The Sensor CAT’s role in workforce development is more than incidental, however. We are working to provide career pathways through industry-partner programs that allow students in our labs to intern with New York–based companies of all sizes, many of which are using the ASRC core-facilities to develop sensor technology.

We also work with LifeSciNYC, a city entity that supports growing the local biotech industry, to subsidize compensation of CUNY undergraduate and graduate students who intern with companies in the LifeSciNYC program. The cost-sharing arrangement not only provides students paid industry training opportunities, it also affords companies a highly skilled workforce pipeline. Ultimately, these experiences provide clear pathways for students to learn how to apply their academic experience to industry employment and step into the private sector once they complete their degrees.

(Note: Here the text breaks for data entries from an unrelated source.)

text \<open>Let \<open>H = (1-\<alpha>)\<Gamma>\<^sup>\<psi>(u) - \<psi>'(1) \<partial>\<^sub>tu/u\<close>; since \<open>\<Gamma>\<^sup>\<psi>f = \<psi>'(1) \<Delta>f/f - \<Delta>\<^sup>\<psi>f\<close>, along the heat flow
  \<open>H = -\<Delta>\<^sup>\<psi>u - \<alpha>\<Gamma>\<^sup>\<psi>u\<close>. Maximise \<open>t H\<close> over \<open>V \<times> [0,T]\<close>. At a maximum \<open>(x\<^sub>0,t\<^sub>0)\<close> with \<open>t\<^sub>0 > 0\<close>
  the time derivative of \<open>t H\<close> is nonnegative, and \<open>x\<^sub>0\<close> maximises \<open>H(\<cdot>,t\<^sub>0)\<close>, so
  \<open>\<Delta>(uH) \<le> \<Delta>u \<cdot> H\<close> there. Together with \<open>CD\<psi>(n,-K)\<close> this yields
  \<open>\<partial>\<^sub>tH \<le> 2(1-\<alpha>)(K\<Gamma>\<^sup>\<psi>u - (\<Delta>\<^sup>\<psi>u)\<^sup>2/n)\<close>. Since \<open>\<Gamma>\<^sup>\<psi>u \<ge> 0\<close> by concavity of \<open>\<psi>\<close> and
  \<open>\<Delta>\<^sup>\<psi>u = -(H + \<alpha>\<Gamma>\<^sup>\<psi>u)\<close>, the Riccati-type inequality \<open>0 \<le> H + t\<^sub>0\<partial>\<^sub>tH\<close> forces
  \<open>t\<^sub>0H \<le> n/(2(1-\<alpha>)) + t\<^sub>0Kn/(2\<alpha>)\<close>.\<close>

lemma lap_linear:
  fixes E :: "'v::finite \<Rightarrow> 'v \<Rightarrow> bool"
  shows "lap E w mu (\<lambda>y. a * g y + b * h y) x = a * lap E w mu g x + b * lap E w mu h x"
proof -
  have "(\<Sum>y\<in>{y. E x y}. w x y * (a * g y + b * h y - (a * g x + b * h x)))
     = a * (\<Sum>y\<in>{y. E x y}. w x y * (g y - g x)) + b * (\<Sum>y\<in>{y. E x y}. w x y * (h y - h x))"
    by (simp add: sum.distrib[symmetric] sum_distrib_left algebra_simps)
  then show ?thesis unfolding lap_def by (simp add: algebra_simps)
qed

lemma lap_mult_le_at_max:
  fixes E :: "'v::finite \<Rightarrow> 'v \<Rightarrow> bool"
  assumes "\<forall>y. f y \<ge> 0" "mu x > 0" "\<forall>y. E x y \<longrightarrow> w x y > 0" "\<forall>y. h y \<le> h x"
  shows "lap E w mu (\<lambda>y. f y * h y) x \<le> lap E w mu f x * h x"
proof -
  have "(\<Sum>y\<in>{y. E x y}. w x y * f y * (h y - h x)) \<le> 0"
    using assms by (intro sum_nonpos) (auto intro!: mult_nonneg_nonpos simp: less_imp_le)
  moreover have "lap E w mu (\<lambda>y. f y * h y) x - lap E w mu f x * h x
     = (1 / mu x) * (\<Sum>y\<in>{y. E x y}. w x y * f y * (h y - h x))"
    unfolding lap_def
    by (simp add: sum_distrib_left sum_distrib_right sum_subtractf[symmetric] algebra_simps)
  ultimately show ?thesis
    using assms(2) by (smt (verit) mult_nonneg_nonpos zero_le_divide_1_iff)
qed

lemma lap_has_real_derivative:
  fixes E :: "'v::finite \<Rightarrow> 'v \<Rightarrow> bool"
  assumes "\<forall>y. (g y has_real_derivative g' y) (at t within S)"
  shows "((\<lambda>s. lap E w mu (\<lambda>y. g y s) x) has_real_derivative lap E w mu g' x) (at t within S)"
  unfolding lap_def using assms by (intro DERIV_cmult DERIV_sum DERIV_diff) auto

lemma psi_lap_has_real_derivative:
  fixes E :: "'v::finite \<Rightarrow> 'v \<Rightarrow> bool"
  assumes g: "\<forall>y. (g y has_real_derivative g' y) (at t within S)" and pos: "\<forall>y. g y t > 0"
    and psi_diff: "\<forall>s>0. psi differentiable (at s)"
  shows "((\<lambda>s. psi_lap E w mu psi (\<lambda>y. g y s) x) has_real_derivative
     lap E w mu (\<lambda>y. deriv psi (g y t / g x t) * (g y t / g x t) * (g' y / g y t - g' x / g x t)) x)
     (at t within S)"
proof -
  define D where "D y = deriv psi (g y t / g x t) * (g y t / g x t) * (g' y / g y t - g' x / g x t)" for y
  have "((\<lambda>s. psi (g y s / g x s)) has_real_derivative D y) (at t within S)" for y
  proof -
    have "(psi has_real_derivative deriv psi (g y t / g x t)) (at (g y t / g x t))"
      using psi_diff pos by (simp add: DERIV_deriv_iff_real_differentiable)
    moreover have "((\<lambda>s. g y s / g x s) has_real_derivative (g y t / g x t) * (g' y / g y t - g' x / g x t))
        (at t within S)"
      using g pos[rule_format, of x] pos[rule_format, of y]
      by (auto intro!: derivative_eq_intros simp: field_simps power2_eq_square)
    ultimately show ?thesis
      unfolding D_def mult.assoc by (rule DERIV_chain2)
  qed
  then have "((\<lambda>s. lap E w mu (\<lambda>y. psi (g y s / g x s)) x) has_real_derivative lap E w mu D x)
      (at t within S)"
    unfolding lap_def by (intro DERIV_cmult DERIV_sum DERIV_diff) blast+
  moreover have "lap E w mu D x = lap E w mu (\<lambda>y. D y - D x) x"
    unfolding lap_def by simp
  moreover have "D x = 0" unfolding D_def by simp
  ultimately show ?thesis unfolding psi_lap_def D_def by simp
qed

lemma psi_bar_nonneg:
  assumes psi_diff: "psi differentiable (at 1)" and psi_concave: "concave_on {0<..} psi"
    and "s > 0"
  shows "psi_bar psi s \<ge> 0"
proof -
  have convex: "convex_on {0<..} (\<lambda>x. - psi x)"
    using psi_concave by (simp add: concave_on_def)
  have "(psi has_real_derivative deriv psi 1) (at 1)"
    using psi_diff by (simp add: DERIV_deriv_iff_real_differentiable)
  then have tangent: "((\<lambda>x. - psi x) has_real_derivative - deriv psi 1) (at 1 within {0<..})"
    by (rule has_field_derivative_at_within[OF DERIV_minus])
  have "- psi s - - psi 1 \<ge> - deriv psi 1 * (s - 1)"
    using convex_on_imp_above_tangent[OF convex _ _ _ tangent] \<open>s > 0\<close>
    by (simp add: interior_open)
  then show ?thesis unfolding psi_bar_def by (simp add: algebra_simps)
qed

The biggest measure of success will be the Sensor CAT’s ability to create new employers, not just provide a pipeline of talent to existing New York–based companies. That’s why we are also making a significant investment in entrepreneurial skills training. Through a partnership with Baruch College’s Zicklin School of Business — another CUNY school — we will launch the first graduate-level business course for STEM students focused on entrepreneurship this Fall 2021. The class will impart valuable skills not previously offered as a part of STEM graduate programs, but which are now necessary to address workforce trends and the demand for scientists who can thrive, innovate, and lead within a lean startup culture.

Siloed thinking and acting within areas of research have long been the biggest hinderances to realizing critical scientific advances. This problem is bigger than what’s happening in research labs, however. Siloed thinking has also prevented interdependent pieces of the STEM industry — academia, government, and the private sector — from moving in concert to change with the times and meet the needs of people. Through the ASRC Sensor CAT, CUNY can help tear down these silos and offer new opportunities to New Yorkers.

Tavis Ezell is the Director of Business Development for the ASRC Sensor CAT Program.

Rein Ulijn is Director of the ASRC Sensor CAT, Founding Director of the ASRC Nanoscience Initiative, and Einstein Professor of Chemistry at Hunter College.